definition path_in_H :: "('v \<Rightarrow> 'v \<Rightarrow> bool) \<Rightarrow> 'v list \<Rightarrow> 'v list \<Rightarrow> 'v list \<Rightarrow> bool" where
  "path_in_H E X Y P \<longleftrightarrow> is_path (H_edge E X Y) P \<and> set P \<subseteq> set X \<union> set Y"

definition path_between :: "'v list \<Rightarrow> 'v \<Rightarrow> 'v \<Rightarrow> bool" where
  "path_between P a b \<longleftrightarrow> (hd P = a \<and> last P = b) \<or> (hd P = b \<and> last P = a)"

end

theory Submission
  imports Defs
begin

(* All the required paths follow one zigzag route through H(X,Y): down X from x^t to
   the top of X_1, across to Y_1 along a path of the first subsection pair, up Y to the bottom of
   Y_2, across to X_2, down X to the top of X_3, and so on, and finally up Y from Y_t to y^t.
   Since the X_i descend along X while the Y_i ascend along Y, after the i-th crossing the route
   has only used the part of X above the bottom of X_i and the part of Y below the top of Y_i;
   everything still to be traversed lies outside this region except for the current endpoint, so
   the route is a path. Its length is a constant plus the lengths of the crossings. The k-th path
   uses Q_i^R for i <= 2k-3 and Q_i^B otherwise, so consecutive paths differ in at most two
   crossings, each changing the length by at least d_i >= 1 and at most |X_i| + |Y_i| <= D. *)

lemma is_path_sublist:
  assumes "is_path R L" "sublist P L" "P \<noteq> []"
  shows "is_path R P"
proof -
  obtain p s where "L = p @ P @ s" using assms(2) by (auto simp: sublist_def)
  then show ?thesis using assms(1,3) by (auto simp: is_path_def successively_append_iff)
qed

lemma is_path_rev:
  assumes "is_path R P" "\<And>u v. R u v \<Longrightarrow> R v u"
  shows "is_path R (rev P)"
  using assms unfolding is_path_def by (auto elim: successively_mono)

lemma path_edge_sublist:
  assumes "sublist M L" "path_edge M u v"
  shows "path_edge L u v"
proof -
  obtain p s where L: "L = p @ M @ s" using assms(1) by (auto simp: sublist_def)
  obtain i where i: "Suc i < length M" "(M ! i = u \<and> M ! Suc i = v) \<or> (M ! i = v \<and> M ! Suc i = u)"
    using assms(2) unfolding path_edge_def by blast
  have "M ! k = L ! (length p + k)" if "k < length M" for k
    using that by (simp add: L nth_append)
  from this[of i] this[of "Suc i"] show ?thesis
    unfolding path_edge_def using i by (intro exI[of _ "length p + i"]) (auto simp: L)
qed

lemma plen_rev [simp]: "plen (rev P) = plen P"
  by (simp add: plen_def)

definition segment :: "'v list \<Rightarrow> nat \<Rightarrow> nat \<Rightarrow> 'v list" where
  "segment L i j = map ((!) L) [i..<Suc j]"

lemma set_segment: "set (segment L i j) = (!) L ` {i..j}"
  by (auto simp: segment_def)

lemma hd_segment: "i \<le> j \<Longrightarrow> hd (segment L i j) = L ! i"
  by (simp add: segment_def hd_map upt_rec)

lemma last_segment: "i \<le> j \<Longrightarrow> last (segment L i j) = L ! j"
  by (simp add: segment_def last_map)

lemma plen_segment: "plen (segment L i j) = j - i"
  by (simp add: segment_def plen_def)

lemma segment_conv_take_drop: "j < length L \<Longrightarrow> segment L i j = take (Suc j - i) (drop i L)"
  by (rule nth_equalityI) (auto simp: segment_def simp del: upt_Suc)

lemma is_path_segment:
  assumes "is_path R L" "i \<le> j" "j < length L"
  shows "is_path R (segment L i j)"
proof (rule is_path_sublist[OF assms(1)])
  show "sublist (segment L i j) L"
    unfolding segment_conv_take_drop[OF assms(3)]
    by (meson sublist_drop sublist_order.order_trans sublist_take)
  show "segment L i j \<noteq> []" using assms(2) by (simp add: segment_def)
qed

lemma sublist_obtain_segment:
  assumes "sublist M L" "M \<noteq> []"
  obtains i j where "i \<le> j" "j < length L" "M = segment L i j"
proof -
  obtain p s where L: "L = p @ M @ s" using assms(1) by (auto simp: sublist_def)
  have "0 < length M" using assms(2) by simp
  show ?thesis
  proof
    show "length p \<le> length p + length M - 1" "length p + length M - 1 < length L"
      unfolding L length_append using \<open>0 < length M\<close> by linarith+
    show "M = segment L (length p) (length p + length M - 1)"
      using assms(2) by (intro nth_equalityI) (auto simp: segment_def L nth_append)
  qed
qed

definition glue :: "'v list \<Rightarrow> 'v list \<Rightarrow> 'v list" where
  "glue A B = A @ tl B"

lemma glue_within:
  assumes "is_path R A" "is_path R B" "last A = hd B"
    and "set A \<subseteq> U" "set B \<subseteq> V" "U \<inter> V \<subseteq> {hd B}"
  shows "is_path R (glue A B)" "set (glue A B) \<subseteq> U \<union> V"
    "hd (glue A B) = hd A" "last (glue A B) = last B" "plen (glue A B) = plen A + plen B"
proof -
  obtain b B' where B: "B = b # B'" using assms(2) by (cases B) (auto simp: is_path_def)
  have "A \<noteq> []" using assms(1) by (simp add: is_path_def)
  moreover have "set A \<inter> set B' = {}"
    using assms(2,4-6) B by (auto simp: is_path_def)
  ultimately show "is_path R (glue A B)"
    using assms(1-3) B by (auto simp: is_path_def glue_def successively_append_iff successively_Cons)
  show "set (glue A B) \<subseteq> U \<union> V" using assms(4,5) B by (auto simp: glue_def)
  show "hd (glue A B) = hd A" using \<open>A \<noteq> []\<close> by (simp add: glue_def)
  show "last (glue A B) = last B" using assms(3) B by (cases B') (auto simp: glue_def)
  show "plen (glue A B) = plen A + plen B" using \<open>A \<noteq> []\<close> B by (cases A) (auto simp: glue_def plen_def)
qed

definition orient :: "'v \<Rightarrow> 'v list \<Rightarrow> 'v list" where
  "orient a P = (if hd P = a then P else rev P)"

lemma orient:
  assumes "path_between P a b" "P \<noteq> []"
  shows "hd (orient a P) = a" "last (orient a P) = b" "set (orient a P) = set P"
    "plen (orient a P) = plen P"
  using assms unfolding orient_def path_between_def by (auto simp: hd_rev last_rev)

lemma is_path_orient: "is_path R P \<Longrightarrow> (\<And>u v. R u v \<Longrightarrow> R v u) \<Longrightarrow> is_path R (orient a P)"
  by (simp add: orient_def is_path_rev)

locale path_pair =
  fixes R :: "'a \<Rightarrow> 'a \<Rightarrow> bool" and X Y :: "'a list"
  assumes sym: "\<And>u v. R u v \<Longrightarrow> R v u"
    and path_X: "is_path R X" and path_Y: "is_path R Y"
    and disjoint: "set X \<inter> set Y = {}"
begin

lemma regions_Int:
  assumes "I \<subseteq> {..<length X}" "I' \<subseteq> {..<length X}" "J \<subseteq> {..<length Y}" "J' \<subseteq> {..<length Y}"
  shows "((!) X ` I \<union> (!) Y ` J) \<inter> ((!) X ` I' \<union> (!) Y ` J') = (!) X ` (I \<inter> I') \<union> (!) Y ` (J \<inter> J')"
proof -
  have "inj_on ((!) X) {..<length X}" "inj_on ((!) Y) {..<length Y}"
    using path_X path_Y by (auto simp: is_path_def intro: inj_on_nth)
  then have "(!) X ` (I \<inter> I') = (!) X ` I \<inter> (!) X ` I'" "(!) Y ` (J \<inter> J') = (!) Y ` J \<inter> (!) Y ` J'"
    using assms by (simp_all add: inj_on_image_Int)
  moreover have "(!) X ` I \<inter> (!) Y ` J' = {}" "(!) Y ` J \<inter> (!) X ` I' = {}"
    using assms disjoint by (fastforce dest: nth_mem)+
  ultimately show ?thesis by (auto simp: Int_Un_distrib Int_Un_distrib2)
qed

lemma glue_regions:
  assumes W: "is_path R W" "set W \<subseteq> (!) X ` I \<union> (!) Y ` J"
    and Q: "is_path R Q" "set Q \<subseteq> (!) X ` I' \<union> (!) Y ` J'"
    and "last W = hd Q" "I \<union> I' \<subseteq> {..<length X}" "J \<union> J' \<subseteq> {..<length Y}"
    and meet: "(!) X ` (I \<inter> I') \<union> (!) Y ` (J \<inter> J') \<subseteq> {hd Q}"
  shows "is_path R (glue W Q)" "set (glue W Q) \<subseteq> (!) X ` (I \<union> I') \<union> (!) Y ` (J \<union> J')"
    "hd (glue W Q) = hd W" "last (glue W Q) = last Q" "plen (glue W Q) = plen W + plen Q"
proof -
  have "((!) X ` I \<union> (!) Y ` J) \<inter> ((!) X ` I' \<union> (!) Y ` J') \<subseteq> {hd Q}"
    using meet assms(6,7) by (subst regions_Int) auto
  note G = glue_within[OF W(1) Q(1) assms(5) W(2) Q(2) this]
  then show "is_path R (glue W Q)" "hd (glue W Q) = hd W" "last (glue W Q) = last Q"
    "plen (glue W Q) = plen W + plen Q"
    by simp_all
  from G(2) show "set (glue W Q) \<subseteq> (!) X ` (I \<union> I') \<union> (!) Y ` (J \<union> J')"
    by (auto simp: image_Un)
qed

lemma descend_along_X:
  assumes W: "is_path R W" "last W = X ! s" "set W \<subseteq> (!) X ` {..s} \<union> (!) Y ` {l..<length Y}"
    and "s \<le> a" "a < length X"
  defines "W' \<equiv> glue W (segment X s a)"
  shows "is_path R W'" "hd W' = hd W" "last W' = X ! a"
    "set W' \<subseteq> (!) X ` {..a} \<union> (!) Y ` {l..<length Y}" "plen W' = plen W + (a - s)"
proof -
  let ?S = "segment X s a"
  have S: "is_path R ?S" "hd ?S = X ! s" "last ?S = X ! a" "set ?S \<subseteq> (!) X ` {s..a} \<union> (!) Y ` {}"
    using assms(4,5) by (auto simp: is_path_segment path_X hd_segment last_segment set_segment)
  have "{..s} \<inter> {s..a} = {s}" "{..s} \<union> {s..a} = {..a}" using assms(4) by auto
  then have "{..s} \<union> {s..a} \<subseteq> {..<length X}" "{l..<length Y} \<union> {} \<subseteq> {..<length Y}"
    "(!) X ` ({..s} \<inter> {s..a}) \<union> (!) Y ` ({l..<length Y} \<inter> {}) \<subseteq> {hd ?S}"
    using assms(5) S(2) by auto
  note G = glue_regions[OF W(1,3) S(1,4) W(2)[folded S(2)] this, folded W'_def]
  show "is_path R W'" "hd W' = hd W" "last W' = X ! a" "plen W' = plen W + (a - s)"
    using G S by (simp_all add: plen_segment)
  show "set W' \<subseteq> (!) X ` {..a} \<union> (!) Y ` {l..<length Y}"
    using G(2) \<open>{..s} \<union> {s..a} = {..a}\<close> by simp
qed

==

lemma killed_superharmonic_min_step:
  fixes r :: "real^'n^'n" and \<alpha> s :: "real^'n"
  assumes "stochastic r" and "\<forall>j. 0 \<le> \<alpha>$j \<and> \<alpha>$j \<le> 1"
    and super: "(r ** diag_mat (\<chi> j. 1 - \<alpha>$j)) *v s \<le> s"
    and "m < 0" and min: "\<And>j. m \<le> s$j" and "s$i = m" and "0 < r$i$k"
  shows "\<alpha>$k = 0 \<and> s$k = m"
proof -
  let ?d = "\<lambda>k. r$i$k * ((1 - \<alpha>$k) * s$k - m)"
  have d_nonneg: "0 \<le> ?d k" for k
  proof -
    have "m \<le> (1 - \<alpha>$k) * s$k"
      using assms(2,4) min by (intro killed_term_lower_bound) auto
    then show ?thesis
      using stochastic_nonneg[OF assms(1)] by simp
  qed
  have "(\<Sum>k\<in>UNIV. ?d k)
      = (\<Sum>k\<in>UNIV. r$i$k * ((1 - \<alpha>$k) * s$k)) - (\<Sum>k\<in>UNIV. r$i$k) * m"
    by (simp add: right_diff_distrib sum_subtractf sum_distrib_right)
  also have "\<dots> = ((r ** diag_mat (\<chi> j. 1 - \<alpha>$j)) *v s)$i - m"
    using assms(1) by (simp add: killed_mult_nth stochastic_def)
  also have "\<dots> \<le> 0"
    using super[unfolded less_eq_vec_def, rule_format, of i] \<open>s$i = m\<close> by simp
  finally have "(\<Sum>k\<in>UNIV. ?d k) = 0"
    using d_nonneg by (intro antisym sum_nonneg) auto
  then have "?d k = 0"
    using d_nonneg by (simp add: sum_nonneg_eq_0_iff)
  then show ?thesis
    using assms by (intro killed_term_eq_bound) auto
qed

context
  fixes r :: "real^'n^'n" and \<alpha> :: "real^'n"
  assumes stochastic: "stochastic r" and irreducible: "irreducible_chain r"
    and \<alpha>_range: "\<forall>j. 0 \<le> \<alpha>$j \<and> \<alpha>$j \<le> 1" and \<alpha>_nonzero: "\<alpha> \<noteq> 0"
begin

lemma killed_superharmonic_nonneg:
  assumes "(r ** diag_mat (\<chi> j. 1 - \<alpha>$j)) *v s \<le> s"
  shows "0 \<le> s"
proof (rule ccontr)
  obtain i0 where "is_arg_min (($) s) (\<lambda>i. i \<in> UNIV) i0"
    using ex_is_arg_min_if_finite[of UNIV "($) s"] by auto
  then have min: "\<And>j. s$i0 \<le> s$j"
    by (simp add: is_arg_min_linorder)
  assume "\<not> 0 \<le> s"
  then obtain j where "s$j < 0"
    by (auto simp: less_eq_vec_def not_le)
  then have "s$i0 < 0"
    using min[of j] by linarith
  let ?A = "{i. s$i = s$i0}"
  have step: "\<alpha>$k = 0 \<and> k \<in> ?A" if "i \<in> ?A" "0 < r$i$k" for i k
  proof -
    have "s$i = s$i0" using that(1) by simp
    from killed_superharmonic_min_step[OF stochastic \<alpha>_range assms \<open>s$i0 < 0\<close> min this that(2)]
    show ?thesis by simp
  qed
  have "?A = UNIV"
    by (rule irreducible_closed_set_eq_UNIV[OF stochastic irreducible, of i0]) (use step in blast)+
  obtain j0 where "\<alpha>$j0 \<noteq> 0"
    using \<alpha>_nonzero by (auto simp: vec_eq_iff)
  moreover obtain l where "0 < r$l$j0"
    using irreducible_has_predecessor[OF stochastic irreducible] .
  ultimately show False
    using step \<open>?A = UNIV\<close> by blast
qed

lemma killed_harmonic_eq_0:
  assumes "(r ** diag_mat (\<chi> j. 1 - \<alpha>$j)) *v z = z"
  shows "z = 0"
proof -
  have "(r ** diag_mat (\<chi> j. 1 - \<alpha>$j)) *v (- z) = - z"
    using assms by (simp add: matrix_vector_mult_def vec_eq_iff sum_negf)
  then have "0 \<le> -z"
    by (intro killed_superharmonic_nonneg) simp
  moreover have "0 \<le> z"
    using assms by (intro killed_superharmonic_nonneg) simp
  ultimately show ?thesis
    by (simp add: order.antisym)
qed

**WORK ORDER**
Count each line of the material that includes "dots", and reply with only the count.

**ANSWER TO THIS PROBLEM**
2